GitのCommitについて
ここではtraPのSysAd班などで活動する人が触れることになるGitに関連する重要な内容として、コミットの粒度やコミットメッセージの付け方などについて説明します。 Gitの基本的な内容については省略しますので、もし不安がある人はGit講習会の資料や公式のドキュメントを読んでください。
コミットの粒度の基本原則
まず、コミットは小さい単位で行うのが良いです。その理由としては、トラブルシューティングが容易であることが挙げられるでしょう。小さいコミットを繰り返すことにより、問題が発生した時にその原因を特定しやすくなります。また、細かい変更ごとに履歴が残るため、どの変更がどのような影響を与えたのかを簡単に追跡することができます。
加えて、チーム開発においてもメリットがあります。複数人で開発する際にはGitHubなどを活用してチームメンバーからレビューをもらうことが多いですが、その際にコミットのサイズが小さければレビューする側もどのような内容を確認すれば良いのか明快でやりやすいという利点もあります。
ただし,小さければ小さいほどいいわけではありません。例えば一行ずつコミットを出してしまうと,見返しづらく,またその変更によって実現される動作が何なのかがわかりません。
では具体的にどのようなサイズでコミットを出せば良いのか,という疑問を持っている人もいると思うので,それについて次の章で説明します。
コミット粒度の具体例
ここからは、具体的にどのような区切りでコミットをすれば良いかということについて話します。最も良いのは,プログラムが意図した通りに動く変更の最小単位ごとにコミットを出すというものです。言葉を変えると,1つの機能追加/1箇所のバグ修正につき1コミットする,とも言えるでしょう。これには前述したように、変更の影響範囲を明確にしたり、レビューをやりやすくしたりという意図があります。他にも、コーディングのフォーマットやスタイルの変更やリファクタリング(コードの整理・最適化)なども1つのコミットとして扱うこともあります。
いずれにせよ、最も重要なことはチームメンバーとコミットに関するルールを共有し、それに従うことです。上記の話はあくまで基本原則であってその時の状況や開発チームの方針によって変わりうるものですから、チーム内での方針に則って進めていくことが大切でしょう。もし何かわからないことや不安なことがあれば、チームメンバーに相談することも大切です。
コミットメッセージの書き方
次に、コミットメッセージの書き方について説明します。コミットメッセージとはGitではコミットをする際につけることができる、コミットのタイトルのようなものです。

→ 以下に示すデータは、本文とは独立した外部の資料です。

lemma diamond_triangle_meets_transversal_once:
  assumes d: "diamond m a b c"
  shows "\<exists>z. {m, a, b} \<inter> transversal = {z}"
proof -
  have E: "E m a" "E m b" "E a b" using d by (auto simp: diamond_def)
  have "central m" "central b" using d diamond_swap_centres[OF d] by (auto simp: central_def)
  have "\<not> central a" using diamond_tip_not_central[OF d] .
  have not_plain: "v \<notin> T" if "T \<in> plain_triangles" "v \<in> {m, a, b}" for v T
  proof
    assume "v \<in> T"
    have "\<not> central v" "T \<in> triangles V E" using that(1) \<open>v \<in> T\<close> by (auto simp: plain_triangles_def)
    then have "v = a" using that(2) \<open>central m\<close> \<open>central b\<close> by auto
    then have "T = {m, a, b}"
      using noncentral_in_one_triangle[OF \<open>\<not> central v\<close> \<open>T \<in> triangles V E\<close> triangleI[OF E]]
        \<open>v \<in> T\<close> by simp
    then show False using that(1) \<open>central m\<close> by (auto simp: plain_triangles_def)
  qed
  have "m \<in> V" "b \<in> V" using edge_vertices(1)[OF E(1)] edge_vertices(2)[OF E(2)] .
  have in_transversal_iff: "v \<in> transversal \<longleftrightarrow> v \<in> chosen_centres" if "v \<in> {m, a, b}" for v
    using not_plain[OF _ that] by (auto simp: transversal_def)
  have "m \<in> chosen_centres \<longleftrightarrow> ord m < ord b"
    unfolding chosen_centres_def
    using \<open>m \<in> V\<close> \<open>central m\<close> \<open>central b\<close> E(2) central_neighbour_of_centre[OF d] by blast
  moreover have "b \<in> chosen_centres \<longleftrightarrow> ord b < ord m"
    unfolding chosen_centres_def
    using \<open>b \<in> V\<close> \<open>central m\<close> \<open>central b\<close> edge_sym[OF E(2)]
      central_neighbour_of_centre[OF diamond_swap_centres[OF d]] by blast
  moreover have "a \<notin> chosen_centres" using \<open>\<not> central a\<close> by (simp add: chosen_centres_def)
  moreover have "ord m \<noteq> ord b"
    using inj_on_ord \<open>m \<in> V\<close> \<open>b \<in> V\<close> diamondD(7)[OF d] by (auto simp: inj_on_def)
  ultimately show ?thesis using in_transversal_iff by (cases "ord m < ord b") auto
qed

lemma triangle_meets_transversal_once:
  assumes T: "T \<in> triangles V E"
  shows "\<exists>z. T \<inter> transversal = {z}"
proof (cases "T \<in> plain_triangles")
  case True
  obtain x where x: "T \<inter> f T = {x}" "x \<in> T"
    using chosen_out_edge[OF True] by metis
  have "T \<inter> transversal = {x}"
  proof
    show "{x} \<subseteq> T \<inter> transversal" using x True by (auto simp: transversal_def)
    show "T \<inter> transversal \<subseteq> {x}"
    proof
      fix y assume y: "y \<in> T \<inter> transversal"
      then have "\<not> central y" using True by (auto simp: plain_triangles_def)
      then obtain T' where T': "T' \<in> plain_triangles" "y \<in> T' \<inter> f T'"
        using y by (auto simp: transversal_def chosen_centres_def)
      then have "T' = T"
        using noncentral_in_one_triangle[OF \<open>\<not> central y\<close>, of T' T] True y
        by (auto simp: plain_triangles_def)
      then show "y \<in> {x}" using T' x(1) by auto
    qed
  qed
  then show ?thesis by blast
next
  case False
  then obtain m where "m \<in> T" "central m" using T by (auto simp: plain_triangles_def)
  then obtain a b c where d: "diamond m a b c" by (auto simp: central_def)
  from triangles_at_centre[OF d T \<open>m \<in> T\<close>] show ?thesis
  proof
    assume "T = {m, b, c}"
    then have "T = {m, c, b}" by auto
    then show ?thesis using diamond_triangle_meets_transversal_once[OF diamond_mirror[OF d]] by simp
  qed (use diamond_triangle_meets_transversal_once[OF d] in simp)
qed

end

lemma (in K4_free_cubic_graph) independent_triangle_transversal_exists:
  "\<exists>I. (\<forall>x\<in>I. \<forall>y\<in>I. \<not> E x y) \<and> (\<forall>T\<in>triangles V E. card (T \<inter> I) = 1)"
proof -
  obtain f where f: "\<forall>T\<in>plain_triangles. f T \<in> out_edges T" "inj_on f plain_triangles"
    using obtain_out_edge_choice .
  obtain ord :: "'a \<Rightarrow> nat" where "inj_on ord V"
    using finite_imp_inj_to_nat_seg[OF finite_vertices] by blast
  interpret transversal_choice V E f ord
    using f \<open>inj_on ord V\<close> by unfold_locales auto
  have "card (T \<inter> transversal) = 1" if "T \<in> triangles V E" for T
    using triangle_meets_transversal_once[OF that] by auto
  then show ?thesis using transversal_independent by blast
qed

theorem lemma3p11:
  fixes V :: "'a set" and E :: "'a \<Rightarrow> 'a \<Rightarrow> bool"
  assumes "simple_graph V E"
    and "connected_graph V E"
    and "claw_free V E"
    and "cubic V E"
    and "\<not> is_K4 V E"
  shows "\<exists>P. vertex_cover V E P \<and> (\<forall>T\<in>triangles V E. card (T \<inter> P) = 2)"
proof -
  interpret cubic_graph V E using assms(1,4) by unfold_locales
  interpret K4_free_cubic_graph V E
    using K4_subgraph_is_K4 assms(2,5) by unfold_locales blast
  obtain I where independent: "\<forall>x\<in>I. \<forall>y\<in>I. \<not> E x y"
    and once: "\<forall>T\<in>triangles V E. card (T \<inter> I) = 1"
    using independent_triangle_transversal_exists by blast
  have "vertex_cover V E (V - I)"
    using independent edge_vertices unfolding vertex_cover_def by blast
  moreover have "card (T \<inter> (V - I)) = 2" if T: "T \<in> triangles V E" for T
  proof -
    have "T \<inter> (V - I) = T - T \<inter> I" using triangle_subset_vertices[OF T] by blast
    then show ?thesis
      using card_triangle[OF T] once T finite_triangle[OF T] by (simp add: card_Diff_subset)
  qed
  ultimately show ?thesis by blast
qed

end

このコミットメッセージの書き方としてはまず、変更内容が簡潔に伝わるような内容を書く必要があります。また、そのコミットが何のためのものであるかの大まかな分類を接頭辞(Prefix)としてコミットメッセージに含める場合もあります。Prefixは沢山ありますが,その内よく使うものをまとめたので参考にしてください。
Prefix | 説明 |
---|---|
fix | バグ修正 |
feat/add | 新機能の追加 |
chore | ライブラリや補助ツールなどの更新 |
clean/refactor | リファクタリング、コードの改善 |
test | テストに関する変更 |
docs | ドキュメントの更新 |
より詳細な説明をする必要があれば、GitHubなどのコメント機能なども活用しましょう。コミットメッセージの書き方についてもチームごとに方針が決まっている場合があるので、チームのやり方に合わせるようにしましょう。
上記2章分の内容の総括として、実際の開発でどのようなコミットを出せば良いのか具体例を示しておきたいと思います。 みなさんにこの後作ってもらうToDoアプリを例に考えてみると、例えばfeat:ハンバーガーメニュー
やfix: onClick関数が意図しない動作をしていた問題
のような粒度でコミットを出すと良いと思います。どちらも1つのコミットでの変更される機能は1つにとどまっていそうですし、コミットメッセージからそのコミットの役割を容易に推察することができます。
ぜひみなさんも、よりより開発ができるよう、Gitの扱い方に少しずつ慣れていってください。